Question

If the block has a mass of $2\mathrm{kg}$ and the pulling force and the frictional force acting on the block both equal $20\mathrm{N}$, what is the acceleration of the block? (A) $0\mathrm{m}/{\mathrm{s}}^2$ (B) $10\mathrm{m}/{\mathrm{s}}^2$ (C) $40\mathrm{m}/{\mathrm{s}}^2$ (D) The acceleration cannot be determined without additional information.

Short answer

The net force acting on the block is zero since the pulling force and frictional force are equal. Using Newton's second law (F = m*a), we find that the acceleration is $a=\frac{0}{2}=0\mathrm{m}/{\mathrm{s}}^2$. The correct answer is (A) 0 m/s².

Step-by-step solution

Determine the net force acting on the block

According to Newton's second law, the force acting on an object equals its mass times its acceleration (F = m*a). The net force acting on the block is the difference between the pulling force and the frictional force. Since both forces are equal, the net force is zero. $F_{net}=F_{pull}-F_{friction}=20N-20N=0N$

Apply Newton's second law of motion

Now we will apply Newton's second law (F = m*a) to find the acceleration of the block. We know that the net force acting on the block is zero and the mass is 2 kg. Using the equation, we will find the acceleration. $0=2\ast a$

Calculate the acceleration

To find the acceleration, we will now rearrange the equation and solve for "a". $a=\frac{0}{2}$ This gives us an acceleration of 0 m/s². The correct answer is (A) 0 m/s².

Key concepts

Net Force

The net force is the overall force acting on an object when all individual forces are taken into account. In physics, it's essential to understand that the motion of an object is not determined by the individual forces, but by the net force which is the vector sum of all forces. For instance, if two teams are playing tug-of-war and each team is pulling with an equal force, the rope does not move because the net force is zero.

Using the example from the textbook exercise, we have a block being pulled with a force of 20 N, and at the same time, it is opposed by a frictional force of 20 N. Here, the forces are equal and opposite, so they cancel each other out.
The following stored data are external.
(* Let $L,K,M$ be positive integers, $0<\tau_p<\tau_c$, $\beta_{i,k}>0$, $p_k>0$, $\sigma_{\mathrm{UL}}^2>0$, $\sigma_{\mathrm{DL}}^2>0$, $P_{\max,i}>0$, and $\xi_k>0$, with $\hat\xi_k=2^{\xi_k\tau_c/(\tau_c-\tau_p)}-1$. Define $c_{i,k}=\beta_{i,k}$ and $b_{i,t}=\frac{Mp_t\tau_p\beta_{i,t}^2}{\hat\xi_t(p_t\tau_p\beta_{i,t}+\sigma_{\mathrm{UL}}^2)}$, and consider the linear program in the variables $\rho_{i,t}\ge0$ ($i=1,\dots,L$, $t=1,\dots,K$): $$\min\ \sum_{t=1}^K\sum_{i=1}^L\rho_{i,t}\quad\text{s.t.}\quad \sum_{t=1}^K\sum_{i=1}^L c_{i,k}\rho_{i,t}-\sum_{i=1}^L b_{i,k}\rho_{i,k}+\sigma_{\mathrm{DL}}^2\le0\ \ \forall k,\qquad \sum_{t=1}^K\rho_{i,t}\le P_{\max,i}\ \ \forall i,$$ with Lagrangian $\mathcal{L}=\sum_{t,i}\rho_{i,t}+\sum_{k}\lambda_k\big(\sum_{t,i}c_{i,k}\rho_{i,t}-\sum_i b_{i,k}\rho_{i,k}+\sigma_{\mathrm{DL}}^2\big)+\sum_i\mu_i\big(\sum_t\rho_{i,t}-P_{\max,i}\big)$, $\lambda_k\ge0$, $\mu_i\ge0$. Assume the program is feasible, let $\{\check\rho_{i,t}\}$ be an optimal solution and $\{\check\lambda_k,\check\mu_i\}$ optimal Lagrange multipliers. Then each user $t$ is served only by base stations with indices in $$\mathcal{S}_t=\underset{i\in\{1,\dots,L\}}{\mathrm{argmin}}\ \left(1+\sum_{k=1}^K\check\lambda_kc_{i,k}+\check\mu_i\right)\frac{1}{b_{i,t}},$$ i.e., $\check\rho_{i,t}>0$ implies $i\in\mathcal{S}_t$. In particular, user $t$ is served by one base station if $\mathcal{S}_t$ contains only one index, and by a subset of base stations (contained in $\mathcal{S}_t$) if $\mathcal{S}_t$ contains several indices.
   Context: The linear program is the total downlink transmit power minimization for a Massive MIMO system with $L$ base stations (BSs) of $M$ antennas, $K$ single-antenna users, MRT precoding and non-coherent joint transmission; $\rho_{i,t}$ is the power BS $i$ allocates to user $t$, and user $t$ is associated with (served by) BS $i$ if and only if $\rho_{i,t}\ne0$. The first constraint family encodes that user $k$'s spectral efficiency is at least $\xi_k$, the second the per-BS peak power $P_{\max,i}$. *)

theory Defs
  imports Complex_Main "HOL-Library.Extended_Real"
begin

text \<open>Indices: base stations i < L, users t,k < K (0-based). Power allocations
  are functions rho :: nat => nat => real, rho i t; only entries with i < L, t < K matter.\<close>

definition xi_hat :: "real \<Rightarrow> real \<Rightarrow> real \<Rightarrow> real" where
  "xi_hat tau_c tau_p xi = 2 powr (xi * tau_c / (tau_c - tau_p)) - 1"

definition coef_b :: "nat \<Rightarrow> real \<Rightarrow> (nat \<Rightarrow> real) \<Rightarrow> real \<Rightarrow> real \<Rightarrow> (nat \<Rightarrow> real)
    \<Rightarrow> (nat \<Rightarrow> nat \<Rightarrow> real) \<Rightarrow> nat \<Rightarrow> nat \<Rightarrow> real" where
  "coef_b M tau_p p tau_c sUL xi beta i t =
     real M * p t * tau_p * (beta i t)\<^sup>2 /
       (xi_hat tau_c tau_p (xi t) * (p t * tau_p * beta i t + sUL))"

definition objective :: "nat \<Rightarrow> nat \<Rightarrow> (nat \<Rightarrow> nat \<Rightarrow> real) \<Rightarrow> real" where
  "objective L K rho = (\<Sum>t<K. \<Sum>i<L. rho i t)"

definition se_constr :: "nat \<Rightarrow> nat \<Rightarrow> (nat \<Rightarrow> nat \<Rightarrow> real) \<Rightarrow> (nat \<Rightarrow> nat \<Rightarrow> real)
    \<Rightarrow> real \<Rightarrow> (nat \<Rightarrow> nat \<Rightarrow> real) \<Rightarrow> nat \<Rightarrow> real" where
  "se_constr L K c b sDL rho k =
     (\<Sum>t<K. \<Sum>i<L. c i k * rho i t) - (\<Sum>i<L. b i k * rho i k) + sDL"

definition pow_constr :: "nat \<Rightarrow> (nat \<Rightarrow> real) \<Rightarrow> (nat \<Rightarrow> nat \<Rightarrow> real) \<Rightarrow> nat \<Rightarrow> real" where
  "pow_constr K Pmax rho i = (\<Sum>t<K. rho i t) - Pmax i"

definition feasible :: "nat \<Rightarrow> nat \<Rightarrow> (nat \<Rightarrow> nat \<Rightarrow> real) \<Rightarrow> (nat \<Rightarrow> nat \<Rightarrow> real)
    \<Rightarrow> real \<Rightarrow> (nat \<Rightarrow> real) \<Rightarrow> (nat \<Rightarrow> nat \<Rightarrow> real) \<Rightarrow> bool" where
  "feasible L K c b sDL Pmax rho \<longleftrightarrow>
     (\<forall>i<L. \<forall>t<K. rho i t \<ge> 0) \<and>
     (\<forall>k<K. se_constr L K c b sDL rho k \<le> 0) \<and>
     (\<forall>i<L. pow_constr K Pmax rho i \<le> 0)"

definition optimal_solution :: "nat \<Rightarrow> nat \<Rightarrow> (nat \<Rightarrow> nat \<Rightarrow> real) \<Rightarrow> (nat \<Rightarrow> nat \<Rightarrow> real)
    \<Rightarrow> real \<Rightarrow> (nat \<Rightarrow> real) \<Rightarrow> (nat \<Rightarrow> nat \<Rightarrow> real) \<Rightarrow> bool" where
  "optimal_solution L K c b sDL Pmax rho \<longleftrightarrow>
     feasible L K c b sDL Pmax rho \<and>
     (\<forall>rho'. feasible L K c b sDL Pmax rho' \<longrightarrow> objective L K rho \<le> objective L K rho')"
(* The overlap matrix of the two single-click planes is 2^(-N/2) [[(-1)^N, 1], [1, 1]]; its
   largest squared singular value is click_overlap N. *)
definition click_overlap :: "nat \<Rightarrow> real" where
  "click_overlap N = (if even N then 4 else 2) * (1/2)^N"

lemma hv_da_overlap:
  assumes "1 \<le> N"
  shows "(inner_upto N (hv_single N w) (da_single N w))\<^sup>2 \<le>
    click_overlap N * inner_upto N w (hv_single N w) * inner_upto N w (da_single N w)"
proof -
  define c where "c = sqrt ((1/2::real)^N)"
  define a where "a = inner_upto N (all_A N) w"
  define b where "b = inner_upto N (all_D N) w"
  have s: "inner_upto N (hv_single N w) (da_single N w) = c * (a * ((- 1) ^ N * w 0 + w N) + b * (w 0 + w N))"
    using assms
    by (simp add: inner_upto_commute[of N "hv_single N w"] inner_upto_hv_single da_single_def
        all_A_all_D_ends a_def b_def c_def algebra_simps)
  have X: "inner_upto N w (hv_single N w) = (w 0)\<^sup>2 + (w N)\<^sup>2"
    using assms by (simp add: inner_upto_hv_single power2_eq_square)
  have Y: "inner_upto N w (da_single N w) = a\<^sup>2 + b\<^sup>2"
    by (simp add: inner_upto_da_single inner_upto_commute[of N w] a_def b_def power2_eq_square)
  have "(inner_upto N (hv_single N w) (da_single N w))\<^sup>2 =
      c\<^sup>2 * (a * ((- 1) ^ N * w 0 + w N) + b * (w 0 + w N))\<^sup>2"
    unfolding s by (simp add: power_mult_distrib)
  also have "\<dots> \<le> c\<^sup>2 * ((if even N then 4 else 2) * (a\<^sup>2 + b\<^sup>2) * ((w 0)\<^sup>2 + (w N)\<^sup>2))"
    by (rule mult_left_mono[OF click_overlap_matrix_bound]) simp
  also have "\<dots> = click_overlap N * inner_upto N w (hv_single N w) * inner_upto N w (da_single N w)"
    unfolding X Y click_overlap_def by (simp add: c_def)
  finally show ?thesis .
qed
(* Let $n,k$ be integers with $1<k<n-1$, let $\mathcal{P}_{k,n}=\{x\in[0,1]^n:\sum_{i=1}^nx_i=k\}$, let $\mathcal{F}$ be a strong Bernoulli factory for $\mathcal{P}_{k,n}$, and let $v,v'$ be two distinct vertices of $\mathcal{P}_{k,n}$. Then for every $T\ge0$, $\nabla P_{v,T}(v')=0$.
   Context: A Bernoulli factory with output set $V$ (for inputs $x\in[0,1]^n$) is a (possibly infinite) rooted binary tree whose internal nodes are labeled by an index $i\in[n]$ or a known constant $c\in(0,1)$ and whose leaves are labeled by elements of $V$; on input $x$ one walks from the root, at a node labeled $i$ flipping a fresh independent coin that is $1$ with probability $x_i$, at a node labeled $c$ a fresh coin of bias $c$, following the edge labeled by the outcome, and outputs the label of the leaf reached; $\mathcal{F}(x)$ is the output and $T_{\mathcal{F}}(x)$ the depth of the leaf reached. For a polytope $\mathcal{P}$ with vertex set $V$, a strong Bernoulli factory for $\mathcal{P}$ is such a factory with output set $V$ that terminates almost surely and satisfies $\mathbb{E}[\mathcal{F}(x)]=x$ for all $x\in\mathcal{P}$. $P_{v,T}(x)=\Pr[\mathcal{F}(x)=v\wedge T_{\mathcal{F}}(x)\le T]$, regarded as the polynomial on $\mathbb{R}^n$ equal to the sum, over leaves labeled $v$ at depth at most $T$, of the product of the transition probabilities along the root-to-leaf path; $\nabla$ is its gradient in $\mathbb{R}^n$. *)

theory Defs
  imports "HOL-Analysis.Analysis"
begin

text \<open>A (possibly infinite) rooted binary tree is represented by a labelling of
  all finite bool-paths from the root (True = coin outcome 1, False = outcome 0).
  Only the labels of paths all of whose proper prefixes are internal nodes matter.\<close>

datatype ('i, 'v) node = Query 'i | Const real | Leaf 'v

type_synonym ('i, 'v) tree = "bool list \<Rightarrow> ('i, 'v) node"

definition is_internal :: "('i, 'v) node \<Rightarrow> bool" where
  "is_internal a \<longleftrightarrow> (case a of Leaf _ \<Rightarrow> False | _ \<Rightarrow> True)"

definition is_node :: "('i, 'v) tree \<Rightarrow> bool list \<Rightarrow> bool" where
  "is_node t p \<longleftrightarrow> (\<forall>j < length p. is_internal (t (take j p)))"

definition leaf_at :: "('i, 'v) tree \<Rightarrow> bool list \<Rightarrow> 'v \<Rightarrow> bool" where
  "leaf_at t p v \<longleftrightarrow> is_node t p \<and> t p = Leaf v"

definition trans_prob :: "('i, 'v) node \<Rightarrow> bool \<Rightarrow> (real ^ 'i) \<Rightarrow> real" where
  "trans_prob a b x = (case a of
      Query i \<Rightarrow> (if b then x $ i else 1 - x $ i)
    | Const c \<Rightarrow> (if b then c else 1 - c)
    | Leaf _ \<Rightarrow> 0)"

definition path_prob :: "('i, 'v) tree \<Rightarrow> bool list \<Rightarrow> (real ^ 'i) \<Rightarrow> real" where
  "path_prob t p x = (\<Prod>j<length p. trans_prob (t (take j p)) (p ! j) x)"

definition P_vT :: "('i, 'v) tree \<Rightarrow> 'v \<Rightarrow> nat \<Rightarrow> (real ^ 'i) \<Rightarrow> real" where
  "P_vT t v T x = (\<Sum>p\<in>{p. length p \<le> T \<and> leaf_at t p v}. path_prob t p x)"

definition P_T :: "('i, 'v) tree \<Rightarrow> nat \<Rightarrow> (real ^ 'i) \<Rightarrow> real" where
  "P_T t T x = (\<Sum>p\<in>{p. length p \<le> T \<and> (\<exists>v. leaf_at t p v)}. path_prob t p x)"

definition bernoulli_factory :: "('i::finite, 'v) tree \<Rightarrow> 'v set \<Rightarrow> bool" where
  "bernoulli_factory t V \<longleftrightarrow>
     (\<forall>p c. is_node t p \<and> t p = Const c \<longrightarrow> 0 < c \<and> c < 1) \<and>
     (\<forall>p v. leaf_at t p v \<longrightarrow> v \<in> V)"

definition vertices :: "('a::real_vector) set \<Rightarrow> 'a set" where
  "vertices S = {v. v extreme_point_of S}"
(* Let $D$ be a non-commutative division ring with center $F$ and let $M$ be a maximal subgroup of $D^*$ containing some element $a\notin F$ that is algebraic over $F$. If $M$ is abelian, then $[D:F]<\infty$.
   Context: $D^*$ is the multiplicative group of $D$; maximal subgroup = proper subgroup maximal among proper subgroups. *)

theory Defs
  imports Main
begin

definition center :: "'a::division_ring set" where
  "center = {x. \<forall>y. x * y = y * x}"

definition units_set :: "'a::division_ring set" where
  "units_set = {x. x \<noteq> 0}"

definition mult_subgroup :: "'a::division_ring set \<Rightarrow> bool" where
  "mult_subgroup H \<longleftrightarrow> H \<subseteq> units_set \<and> 1 \<in> H
     \<and> (\<forall>x\<in>H. \<forall>y\<in>H. x * y \<in> H) \<and> (\<forall>x\<in>H. inverse x \<in> H)"

definition maximal_mult_subgroup :: "'a::division_ring set \<Rightarrow> bool" where
  "maximal_mult_subgroup M \<longleftrightarrow> mult_subgroup M \<and> M \<noteq> units_set
     \<and> (\<forall>N. mult_subgroup N \<and> M \<subseteq> N \<and> N \<noteq> units_set \<longrightarrow> N = M)"

text \<open>a is algebraic over the center F: a is a root of a nonzero polynomial
  with coefficients in F (coefficients are central, so the side does not matter).\<close>
definition algebraic_over_center :: "'a::division_ring \<Rightarrow> bool" where
  "algebraic_over_center a \<longleftrightarrow> (\<exists>n c. (\<forall>i\<le>n. c i \<in> center) \<and> (\<exists>i\<le>n. c i \<noteq> 0)
     \<and> (\<Sum>i\<le>n. c i * a ^ i) = 0)"

definition finite_dim_over_center :: "'a::division_ring itself \<Rightarrow> bool" where
  "finite_dim_over_center _ \<longleftrightarrow> (\<exists>S::'a set. finite S \<and>
     (\<forall>x::'a. \<exists>c. (\<forall>s\<in>S. c s \<in> center) \<and> x = (\<Sum>s\<in>S. c s * s)))"
(* Let $\mathcal{O}$ be the ring of integers of $\mathbb{Q}(\sqrt{-11})$ and $X=\frac12(1+\sqrt{-11})$. Let $n\ge0$ and $z=\sum_{j=0}^n\alpha_jX^j\in\mathcal{O}$ with $\alpha_j\in\{-1,0,1\}$. Then there exist $\beta_j\in\{-1,0,1\}$, $0\le j\le n+2$, such that $z+1=\sum_{j=0}^{n+2}\beta_jX^j$. *)

theory Defs
  imports Complex_Main
begin

definition X11 :: complex where
  "X11 = (1 + \<i> * complex_of_real (sqrt 11)) / 2"

end

theory Submission
  imports Defs
begin

text \<open>Since \<open>X\<^sup>2 = X - 3\<close>, a carry of \<open>3k\<close> at position \<open>j\<close> can be pushed to the two next
  positions as \<open>k X\<^bsup>j+1\<^esup> - k X\<^bsup>j+2\<^esup>\<close>. Adding \<open>a + b X\<close> to the lowest digit \<open>x\<close> therefore leaves a
  digit \<open>d\<close> with \<open>x + a = d + 3k\<close> and a new pending summand \<open>(k + b) + (-k) X\<close> one position
  higher. The invariant that keeps this going is that \<open>a\<close>, \<open>b\<close> and \<open>a + b\<close> are all in
  \<open>{-1, 0, 1}\<close>: the new pair again satisfies it, since its sum is \<open>b\<close> and \<open>k \<noteq> 0\<close> only when
  \<open>x + a = \<plusminus>2\<close>, i.e. \<open>a = sgn k\<close>, so that \<open>b\<close> has the opposite sign. Adding \<open>1 = 1 + 0 X\<close> to an
  expansion of length \<open>n + 1\<close> thus yields one of length \<open>n + 3\<close>.\<close>

lemma X11_squared: "X11\<^sup>2 = X11 - 3"
  by (simp add: X11_def power2_eq_square complex_eq_iff)

lemma sum_lessThan_Suc_power_shift:
  fixes X :: "'a::comm_semiring_1"
  shows "(\<Sum>j<Suc m. c j * X ^ j) = c 0 + X * (\<Sum>j<m. c (Suc j) * X ^ j)"
  by (simp only: sum.lessThan_Suc_shift) (simp add: sum_distrib_left algebra_simps)

lemma balanced_carry:
  fixes x a b :: int
  assumes "x \<in> {-1, 0, 1}" "a \<in> {-1, 0, 1}" "b \<in> {-1, 0, 1}" "a + b \<in> {-1, 0, 1}"
  obtains d k where "d \<in> {-1, 0, 1}" "k \<in> {-1, 0, 1}" "k + b \<in> {-1, 0, 1}" "x + a = d + 3 * k"
proof -
  consider "x + a = 2" | "x + a = -2" | "x + a \<in> {-1, 0, 1}"
    using assms(1,2) by auto
  then show thesis
  proof cases
    case 1
    then show thesis using assms by (intro that[of "-1" 1]) auto
  next
    case 2
    then show thesis using assms by (intro that[of 1 "-1"]) auto
  next
    case 3
    then show thesis using assms(3) by (intro that[of "x + a" 0]) auto
  qed
qed

lemma carry_step:
  fixes X :: "'a::comm_ring_1" and x a b d k :: int
  assumes X: "X\<^sup>2 = X - 3" and "x + a = d + 3 * k"
  shows "of_int x + (of_int a + of_int b * X) = of_int d + X * (of_int (k + b) + of_int (- k) * X)"
proof -
  have "of_int x + (of_int a + of_int b * X) = (of_int (x + a) + of_int b * X :: 'a)"
    by (simp add: algebra_simps)
  also have "\<dots> = of_int d + 3 * of_int k + of_int b * X"
    using assms(2) by simp
  also have "\<dots> = of_int d + (X - X\<^sup>2) * of_int k + of_int b * X"
    using X by simp
  also have "\<dots> = of_int d + X * (of_int (k + b) + of_int (- k) * X)"
    by (simp add: algebra_simps power2_eq_square)
  finally show ?thesis .
qed

lemma balanced_expansion_add:
  fixes X :: "'a::comm_ring_1"
  assumes X: "X\<^sup>2 = X - 3"
    and "\<forall>j<m. \<alpha> j \<in> {-1, 0, 1}" "a \<in> {-1, 0, 1}" "b \<in> {-1, 0, 1}" "a + b \<in> {-1, 0, 1}"
  shows "\<exists>\<beta>. (\<forall>j<m + 2. \<beta> j \<in> {-1, 0, 1::int}) \<and>
    (\<Sum>j<m. of_int (\<alpha> j) * X ^ j) + (of_int a + of_int b * X) = (\<Sum>j<m + 2. of_int (\<beta> j) * X ^ j)"
  using assms(2-)
proof (induction m arbitrary: \<alpha> a b)
  case 0
  then show ?case
    by (intro exI[of _ "\<lambda>j. if j = 0 then a else b"]) (auto simp: numeral_2_eq_2 less_Suc_eq)
next
  case (Suc m)
  obtain d k where d: "d \<in> {-1, 0, 1}" and k: "k \<in> {-1, 0, 1}" "k + b \<in> {-1, 0, 1}"
    and carry: "\<alpha> 0 + a = d + 3 * k"
    using balanced_carry[of "\<alpha> 0" a b] Suc.prems by auto
  obtain \<beta> where \<beta>: "\<forall>j<m + 2. \<beta> j \<in> {-1, 0, 1::int}"
    and sum_\<beta>: "(\<Sum>j<m. of_int (\<alpha> (Suc j)) * X ^ j) + (of_int (k + b) + of_int (- k) * X)
      = (\<Sum>j<m + 2. of_int (\<beta> j) * X ^ j)"
    using Suc.IH[of "\<lambda>j. \<alpha> (Suc j)" "k + b" "- k"] Suc.prems k by auto
  have "(\<Sum>j<Suc m. of_int (\<alpha> j) * X ^ j) + (of_int a + of_int b * X)
      = of_int (\<alpha> 0) + (of_int a + of_int b * X) + X * (\<Sum>j<m. of_int (\<alpha> (Suc j)) * X ^ j)"
    unfolding sum_lessThan_Suc_power_shift by (simp add: algebra_simps)
  also have "\<dots> = of_int d + X * ((\<Sum>j<m. of_int (\<alpha> (Suc j)) * X ^ j) + (of_int (k + b) + of_int (- k) * X))"
    by (subst carry_step[OF X carry]) (simp add: algebra_simps)
  also have "\<dots> = of_int d + X * (\<Sum>j<m + 2. of_int (\<beta> j) * X ^ j)"
    by (simp only: sum_\<beta>)
  also have "\<dots> = (\<Sum>j<Suc m + 2. of_int (case_nat d \<beta> j) * X ^ j)"
    by (simp only: add_Suc sum_lessThan_Suc_power_shift) simp
  finally show ?case
    using d \<beta> by (intro exI[of _ "case_nat d \<beta>"]) (auto split: nat.split)
qed

theorem lemma6p7:
  fixes n :: nat and \<alpha> :: "nat \<Rightarrow> int"
  assumes "\<forall>j\<le>n. \<alpha> j \<in> {-1, 0, 1}"
  shows "\<exists>\<beta> :: nat \<Rightarrow> int. (\<forall>j\<le>n+2. \<beta> j \<in> {-1, 0, 1}) \<and>
           (\<Sum>j\<le>n. of_int (\<alpha> j) * X11 ^ j) + 1 = (\<Sum>j\<le>n+2. of_int (\<beta> j) * X11 ^ j)"
proof -
  have "\<forall>j<Suc n. \<alpha> j \<in> {-1, 0, 1}"
    using assms by (simp add: less_Suc_eq_le)
  from balanced_expansion_add[OF X11_squared this, of 1 0]
  show ?thesis
    by (simp add: lessThan_Suc_atMost less_Suc_eq_le flip: Suc_eq_plus1 add_Suc)
qed

end
context
  fixes p q :: "(nat \<Rightarrow> nat) \<Rightarrow> 'a::comm_ring_1"
  assumes p: "cpoly_wf p" and q: "cpoly_wf q"
begin

private abbreviation (input) "P \<equiv> {\<alpha>. p \<alpha> \<noteq> 0}"
private abbreviation (input) "Q \<equiv> {\<beta>. q \<beta> \<noteq> 0}"
private abbreviation (input) "h \<equiv> \<lambda>x::(nat \<Rightarrow> nat) \<times> (nat \<Rightarrow> nat). (\<lambda>i. fst x i + snd x i)"

private lemma finite_supports: "finite P" "finite Q"
  using p q by (simp_all add: cpoly_wf_def)

private lemma finite_supp_factors: "x \<in> P \<times> Q \<Longrightarrow> finite {i. fst x i \<noteq> 0} \<and> finite {i. snd x i \<noteq> 0}"
  using p q by (auto simp: cpoly_wf_def)

private lemma cpoly_mult_supp: "{\<gamma>. cpoly_mult p q \<gamma> \<noteq> 0} \<subseteq> h ` (P \<times> Q)"
  unfolding cpoly_mult_def by (auto elim: sum.not_neutral_contains_not_neutral)

lemma cpoly_wf_mult: "cpoly_wf (cpoly_mult p q)"
  unfolding cpoly_wf_def
proof (intro conjI allI impI)
  show "finite {\<gamma>. cpoly_mult p q \<gamma> \<noteq> 0}"
    using cpoly_mult_supp finite_supports by (auto intro: finite_subset)
  fix \<gamma> assume "cpoly_mult p q \<gamma> \<noteq> 0"
  then obtain x where x: "x \<in> P \<times> Q" "\<gamma> = h x" using cpoly_mult_supp by blast
  have "{i. \<gamma> i \<noteq> 0} \<subseteq> {i. fst x i \<noteq> 0} \<union> {i. snd x i \<noteq> 0}" by (auto simp: x)
  then show "finite {i. \<gamma> i \<noteq> 0}" using finite_supp_factors[OF x(1)] by (auto intro: finite_subset)
qed

lemma cpoly_eval_mult: "cpoly_eval (cpoly_mult p q) z = cpoly_eval p z * cpoly_eval q z"
proof -
  have fin_img: "finite (h ` (P \<times> Q))" using finite_supports by simp
  have "cpoly_eval (cpoly_mult p q) z = (\<Sum>\<gamma>\<in>h ` (P \<times> Q). cpoly_mult p q \<gamma> * cmonom_eval \<gamma> z)"
    by (rule cpoly_eval_superset[OF fin_img cpoly_mult_supp])
  also have "\<dots> = (\<Sum>\<gamma>\<in>h ` (P \<times> Q). \<Sum>x\<in>{x \<in> P \<times> Q. h x = \<gamma>}.
                            p (fst x) * q (snd x) * cmonom_eval (h x) z)"
    unfolding cpoly_mult_def sum_distrib_right by (intro sum.cong refl) auto
  also have "\<dots> = (\<Sum>x\<in>P \<times> Q. p (fst x) * q (snd x) * cmonom_eval (h x) z)"
    by (rule sum.group[OF _ fin_img]) (use finite_supports in auto)
  also have "\<dots> = (\<Sum>x\<in>P \<times> Q. (p (fst x) * cmonom_eval (fst x) z) * (q (snd x) * cmonom_eval (snd x) z))"
    using finite_supp_factors by (intro sum.cong refl) (simp add: cmonom_eval_add ac_simps)
  also have "\<dots> = (\<Sum>\<alpha>\<in>P. p \<alpha> * cmonom_eval \<alpha> z) * (\<Sum>\<beta>\<in>Q. q \<beta> * cmonom_eval \<beta> z)"
    by (simp add: sum_product sum.cartesian_product case_prod_beta)
  finally show ?thesis by (simp add: cpoly_eval_def cmonom_eval_def)
qed

end

lemma cpoly_function_mult:
  assumes "cpoly_function F" "cpoly_function G"
  shows "cpoly_function (\<lambda>z. F z * G z)"
proof -
  obtain p where p: "cpoly_wf p" "\<And>z. cpoly_eval p z = F z"
    using assms(1) unfolding cpoly_function_def by blast
  obtain q where q: "cpoly_wf q" "\<And>z. cpoly_eval q z = G z"
    using assms(2) unfolding cpoly_function_def by blast
  show ?thesis
    unfolding cpoly_function_def using cpoly_wf_mult cpoly_eval_mult p q by metis
qed

lemma cpoly_function_sum:
  assumes "\<And>x. x \<in> A \<Longrightarrow> cpoly_function (F x)"
  shows "cpoly_function (\<lambda>z. \<Sum>x\<in>A. F x z)"
  using assms
proof (induction A rule: infinite_finite_induct)
  case (insert a A)
  then have "cpoly_function (\<lambda>z. F a z + (\<Sum>x\<in>A. F x z))" by (intro cpoly_function_add) auto
  with insert show ?case by simp
qed (simp_all add: cpoly_function_const)

lemma cpoly_function_diff:
  assumes "cpoly_function F" "cpoly_function G"
  shows "cpoly_function (\<lambda>z. F z - G z)"
proof -
  have "cpoly_function (\<lambda>z. F z + (-1) * G z)"
    by (intro cpoly_function_add cpoly_function_mult assms cpoly_function_const)
  then show ?thesis by simp
qed

subsection \<open>Series whose coefficients are polynomial in the unknowns\<close>

definition cpoly_series :: "((nat \<Rightarrow> 'a::comm_ring_1) \<Rightarrow> 'a mps) \<Rightarrow> bool" where
  "cpoly_series A \<longleftrightarrow> (\<forall>\<alpha>. cpoly_function (\<lambda>z. A z \<alpha>))"

lemma cpoly_series_const: "cpoly_series (\<lambda>z. g)"
  unfolding cpoly_series_def by (simp add: cpoly_function_const)

lemma cpoly_series_mult:
  assumes "cpoly_series A" "cpoly_series B"
  shows "cpoly_series (\<lambda>z. mps_mult (A z) (B z))"
  using assms unfolding cpoly_series_def mps_mult_def
  by (auto intro!: cpoly_function_sum cpoly_function_mult)

lemma cpoly_series_pow:
  assumes "cpoly_series A"
  shows "cpoly_series (\<lambda>z. mps_pow (A z) k)"
  by (induction k) (simp_all add: mps_pow_def cpoly_series_const cpoly_series_mult assms)

lemma cpoly_series_ymonom:
  assumes "\<And>i. cpoly_series (\<lambda>z. y z i)"
  shows "cpoly_series (\<lambda>z. ymonom m (y z) \<gamma>)"
proof -
  have "cpoly_series (\<lambda>z. foldr (\<lambda>i acc. mps_mult (mps_pow (y z i) (\<gamma> i)) acc) xs mps_one)" for xs
    by (induction xs) (simp_all add: cpoly_series_const cpoly_series_mult cpoly_series_pow assms)
  then show ?thesis unfolding ymonom_def .
qed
We can calculate the net force using the formula:
$F_{net}=F_{pull}-F_{friction}$.
In this case, $F_{net}=20N-20N=0N$. Since the net force is zero, there is no change in the motion of the block.

Acceleration

Acceleration is a measure of how quickly the velocity of an object is changing. It is not just about speed, but also about the direction in which the object is moving. If an object speeds up, slows down, or changes direction, it is accelerating. Acceleration can be calculated using Newton's second law of motion when the net force and the mass of an object are known.

In the context of our exercise, acceleration can be found using the formula $a=\frac{F_{net}}{m}$, where $a$ is the acceleration, $F_{net}$ is the net force, and $m$ is the mass of the object. Since the net force is zero (as shown in the Net Force section), no matter the mass, the acceleration will be zero as well, which is confirmed by the equation $a=\frac{0}{2}=0\frac{m}{s^2}$. Therefore, the block does not accelerate.

Frictional Force

Friction is a force that opposes the sliding motion between two surfaces that are in contact. It is the reason why objects eventually stop moving unless a force is continuously applied. The magnitude of frictional force depends on the materials of the contacting surfaces and the force pressing them together. There are different types of friction such as static, kinetic, and rolling friction.

In our exercise, the frictional force is equal to the pulling force, which is 20 N. This indicates that the surfaces have enough friction to completely oppose the applied force. Understanding frictional force is crucial in solving problems related to motion, as it often acts as the opposing force reducing the net force and hence affecting the acceleration of an object.

GED Physics Practice

GED (General Educational Development) tests are a suite of four subject tests which, when passed, certify that the test taker has high school-level academic skills. Physics, being a part of the science test, requires understanding concepts like net force, acceleration, and friction. GED Physics practice involves solving problems that test this knowledge.

In the exercise provided, the practice problem is designed to test the student's grasp of Newton's second law of motion and the related concepts. It's important for GED students to not only know the theoretical aspects but also to apply them in practical scenarios like this textbook exercise. Remember, practice problems like these help solidify your understanding of physics principles and prepare you for the types of questions you may encounter on the actual GED exam.